İl Başkanlığı’nda düzenlenen toplantıda, basın açıklamasını okuyan AK Parti İzmir İnsan Hakları Başkanı Emrullah Duran, ‘’İsrail’in, 10 Ekim 2023'te ilan ettiği abluka altındaki Gazze Şeridi'ne yönelik saldırıları sonucunda, çocuk, genç, yaşlı ve kadın erkek 700’ü aşkın kişi hayatını kaybetti, yüzlerce kişi yaralandı. Dünya, İsrail tarafından Gazze Şeridi'ne yönelik devam eden ablukanın altında yaşayan masum sivillerin acılarını görmektedir. İsrail'in Gazze'ye uyguladığı bu abluka, uzun yıllardır devam eden bir insan hakları ihlali ve insani krizin sonucu oluşmuştur. Gazze halkı, yıllardır temel haklarından mahrum bırakılmış ve yaşam koşulları her geçen gün daha da kötüleşmektedir. İsrail ablukası altındaki Gazze Şeridi'nde yaşayan insanlar, temel ihtiyaçlara erişimlerinin sınırlanması, elektrik ve su kesintileri gibi ciddi sorunlarla karşı karşıyadır. Ayrıca, Gazze'de ibadethaneler, hastaneler, okullar, hepsi acımasızca vurulmaktadır. Bu durum, masum sivillerin hayatlarını tehdit etmektedir. Ateşe benzin dökmenin, hele hele sivilleri ve sivil yerleşim yerlerini hedef almanın kimseye bir faydası olmayacaktır. Gazze Şeridi'ndeki ablukanın sonlandırılması ve Gazze halkının yaşam koşullarının iyileştirilmesi için uluslararası toplumun çabalarını artırması gerekmektedir.’’ ifadelerini kullandı.
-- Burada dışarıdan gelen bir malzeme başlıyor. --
(* Let $m,n$ be positive integers. Let $A, X$ be real symmetric $m\times m$ matrices and let $S_0,S_1,\ldots,S_{n-1},T$ be real symmetric $n\times n$ matrices such that \begin{itemize} \item $A\circ X = I_m\circ X = 0$ and $AX-XA=0$; \item $S_iT-TS_i=0$ for $i=0,1,\ldots,n-1$, and $S_i\circ T=0$ for $i=2,\ldots,n-1$. \end{itemize} Then the $mn\times mn$ matrices $\hat A=\sum_{j=0}^{n-1}(S_j\otimes A^j)$ (with $A^0=I_m$) and $\hat X=T\otimes X$ satisfy \[\hat A\circ \hat X = I_{mn}\circ \hat X = 0 \quad\text{and}\quad \hat A\hat X-\hat X\hat A=0.\]
   Context: $\circ$ denotes the entrywise (Hadamard) product and $\otimes$ the Kronecker product: for $P=(p_{ij})$, $P\otimes Q$ is the block matrix whose $(i,j)$ block is $p_{ij}Q$. $I_k$ is the $k\times k$ identity matrix. *)

theory Defs
  imports "HOL-Analysis.Analysis"
begin

definition hadamard :: "real^'n^'n \<Rightarrow> real^'n^'n \<Rightarrow> real^'n^'n" where
  "hadamard P Q = (\<chi> i j. P $ i $ j * Q $ i $ j)"

text \<open>Kronecker product: rows/columns indexed by pairs (i,k), the (i,j) block is p_ij Q.\<close>
definition kron :: "real^'n^'n \<Rightarrow> real^'m^'m \<Rightarrow> real^('n \<times> 'm)^('n \<times> 'm)" where
  "kron P Q = (\<chi> r c. P $ fst r $ fst c * Q $ snd r $ snd c)"

primrec matpow :: "real^'n^'n \<Rightarrow> nat \<Rightarrow> real^'n^'n" where
  "matpow A 0 = mat 1"
| "matpow A (Suc k) = A ** matpow A k"

definition symmetric_mat :: "real^'n^'n \<Rightarrow> bool" where
  "symmetric_mat A \<longleftrightarrow> transpose A = A"

end

theory Submission
  imports Defs
begin

text \<open>Both conditions are checked summand by summand. The Hadamard and the ordinary
  product factor over the Kronecker product, so the j-th summand of the Hadamard product
  is the Kronecker product of S_j \<circ> T and A^j \<circ> X, which vanishes through the
  first factor for j \<ge> 2 and through the second for j = 0, 1; and the j-th summand of
  the commutator vanishes because S_j commutes with T and A^j with X.\<close>

lemma hadamard_kron: "hadamard (kron P Q) (kron R W) = kron (hadamard P R) (hadamard Q W)"
  by (simp add: hadamard_def kron_def vec_eq_iff)

lemma hadamard_sum_left: "hadamard (sum f I) Y = (\<Sum>j\<in>I. hadamard (f j) Y)"
  by (induction I rule: infinite_finite_induct)
     (auto simp: hadamard_def vec_eq_iff algebra_simps)

lemma kron_zero_left [simp]: "kron 0 Q = 0"
  and kron_zero_right [simp]: "kron P 0 = 0"
  by (simp_all add: kron_def vec_eq_iff)

lemma kron_mat_1: "kron (mat 1) (mat 1) = mat 1"
  by (simp add: kron_def vec_eq_iff mat_def prod_eq_iff)

lemma hadamard_kron_eq_0:
  assumes "hadamard P R = 0 \<or> hadamard Q W = 0"
  shows "hadamard (kron P Q) (kron R W) = 0"
  using assms by (auto simp: hadamard_kron)

lemma kron_matrix_mult: "kron P Q ** kron R W = kron (P ** R) (Q ** W)"
proof -
  have "(\<Sum>r\<in>UNIV. P $ i $ fst r * Q $ k $ snd r * (R $ fst r $ j * W $ snd r $ l))
      = (\<Sum>a\<in>UNIV. P $ i $ a * R $ a $ j) * (\<Sum>b\<in>UNIV. Q $ k $ b * W $ b $ l)"
    for i j k l
  proof -
    have "(\<Sum>r\<in>UNIV. P $ i $ fst r * Q $ k $ snd r * (R $ fst r $ j * W $ snd r $ l))
       = (\<Sum>a\<in>UNIV. \<Sum>b\<in>UNIV. P $ i $ a * Q $ k $ b * (R $ a $ j * W $ b $ l))"
      by (simp add: sum.cartesian_product split_beta)
    also have "\<dots> = (\<Sum>a\<in>UNIV. P $ i $ a * R $ a $ j) * (\<Sum>b\<in>UNIV. Q $ k $ b * W $ b $ l)"
      by (simp add: sum_product algebra_simps)
    finally show ?thesis .
  qed
  then show ?thesis
    by (simp add: vec_eq_iff kron_def matrix_matrix_mult_def)
qed

lemma kron_commute:
  assumes "P ** R = R ** P" and "Q ** W = W ** Q"
  shows "kron P Q ** kron R W = kron R W ** kron P Q"
  using assms by (simp add: kron_matrix_mult)

lemma matrix_add_rdistrib: "(B + C) ** A = B ** A + C ** A"
  by (vector matrix_matrix_mult_def sum.distrib[symmetric] field_simps)

lemma sum_matrix_mult: "sum f I ** M = (\<Sum>j\<in>I. f j ** M)"
  by (induction I rule: infinite_finite_induct) (auto simp: matrix_add_rdistrib)

lemma matrix_mult_sum: "M ** sum f I = (\<Sum>j\<in>I. M ** f j)"
  by (induction I rule: infinite_finite_induct) (auto simp: matrix_add_ldistrib)

lemma sum_commute_matrix:
  assumes "\<And>j. j \<in> I \<Longrightarrow> f j ** M = M ** f j"
  shows "sum f I ** M = M ** sum f I"
  using assms by (simp add: sum_matrix_mult matrix_mult_sum)

lemma matpow_commute:
  assumes "A ** X = X ** A"
  shows "matpow A j ** X = X ** matpow A j"
proof (induction j)
  case 0
  then show ?case by simp
next
  case (Suc j)
  have "matpow A (Suc j) ** X = A ** (matpow A j ** X)"
    by (simp add: matrix_mul_assoc)
  also have "\<dots> = (A ** X) ** matpow A j"
    using Suc by (simp add: matrix_mul_assoc)
  also have "\<dots> = X ** matpow A (Suc j)"
    using assms by (simp add: matrix_mul_assoc)
  finally show ?case .
qed

theorem lemma2p2:
  fixes A X :: "real^'m^'m" and S :: "nat \<Rightarrow> real^'n^'n" and T :: "real^'n^'n"
  assumes "symmetric_mat A" and "symmetric_mat X"
    and "\<And>i. i < CARD('n) \<Longrightarrow> symmetric_mat (S i)" and "symmetric_mat T"
    and "hadamard A X = 0" and "hadamard (mat 1) X = 0" and "A ** X - X ** A = 0"
    and "\<And>i. i < CARD('n) \<Longrightarrow> S i ** T - T ** S i = 0"
    and "\<And>i. 2 \<le> i \<Longrightarrow> i < CARD('n) \<Longrightarrow> hadamard (S i) T = 0"
  shows "hadamard (\<Sum>j<CARD('n). kron (S j) (matpow A j)) (kron T X) = 0
       \<and> hadamard (mat 1) (kron T X) = 0
       \<and> (\<Sum>j<CARD('n). kron (S j) (matpow A j)) ** kron T X
           - kron T X ** (\<Sum>j<CARD('n). kron (S j) (matpow A j)) = 0"
proof (intro conjI)
  have "hadamard (S j) T = 0 \<or> hadamard (matpow A j) X = 0" if "j < CARD('n)" for j
  proof (cases "j < 2")
    case True
    then have "j = 0 \<or> j = 1" by auto
    with assms(5,6) show ?thesis by auto
  next
    case False
    with assms(9) that show ?thesis by auto
  qed
  then show "hadamard (\<Sum>j<CARD('n). kron (S j) (matpow A j)) (kron T X) = 0"
    by (simp add: hadamard_sum_left hadamard_kron_eq_0)
  show "hadamard (mat 1) (kron T X) = 0"
    by (metis kron_mat_1 hadamard_kron_eq_0 assms(6))
  have "A ** X = X ** A" using assms(7) by simp
  then have "kron (S j) (matpow A j) ** kron T X = kron T X ** kron (S j) (matpow A j)"
    if "j \<in> {..<CARD('n)}" for j
    using assms(8) that by (simp add: kron_commute matpow_commute)
  then have "(\<Sum>j<CARD('n). kron (S j) (matpow A j)) ** kron T X
           = kron T X ** (\<Sum>j<CARD('n). kron (S j) (matpow A j))"
    by (rule sum_commute_matrix)
  then show "(\<Sum>j<CARD('n). kron (S j) (matpow A j)) ** kron T X
           - kron T X ** (\<Sum>j<CARD('n). kron (S j) (matpow A j)) = 0"
    by simp
qed

end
Abluka uygulamaları savaş ahlakına uymamaktadır
AK Parti İzmir İnsan Hakları Başkanı Emrullah Duran, sözlerini şöyle sürdürdü; ‘’Gazze halkı, barış ve adalet isteğiyle direnişini sürdürmektedir. Cumhurbaşkanımız Sayın Recep Tayyip Erdoğan’ın da girişimleriyle uluslararası toplum, Gazze'deki insanların temel haklarına saygı gösterilmesi ve onların daha iyi bir geleceğe sahip olmaları için gereken adımları atmaya davet edilmektedir. 1967 sınırları temelinde bağımsız ve coğrafi bütünlüğe sahip, başkenti Doğu Kudüs olan bir Filistin Devleti’nin hayata geçirilmesi gerekmektedir. Bu konuda geç kaldığımız her gün, maalesef bölgemiz çatışma, kan ve gözyaşı girdabından kurtulamayacaktır. Sivil yerleşimleri hedef almayı doğru bulmuyoruz. Savaşın da bir ahlakı vardır. Abluka uygulamaları savaş ahlakına uymamaktadır. Abluka savaş değil katliamdır. Sivilleri cezalandırmak kimseye kazandırmaz. Masumlar ölmesin, daha fazla kan akmasın. Bölgede etkili tüm aktörleri, barışın tesisi için sorumluluk almaya çağırıyoruz. Biz var olan gücümüz ve çıktığı kadar avazımızla Daha Adil Bir Dünyanın Mümkün olduğuna dair inancımızı tüm meydanlarda söylemeye devam edeceğiz.’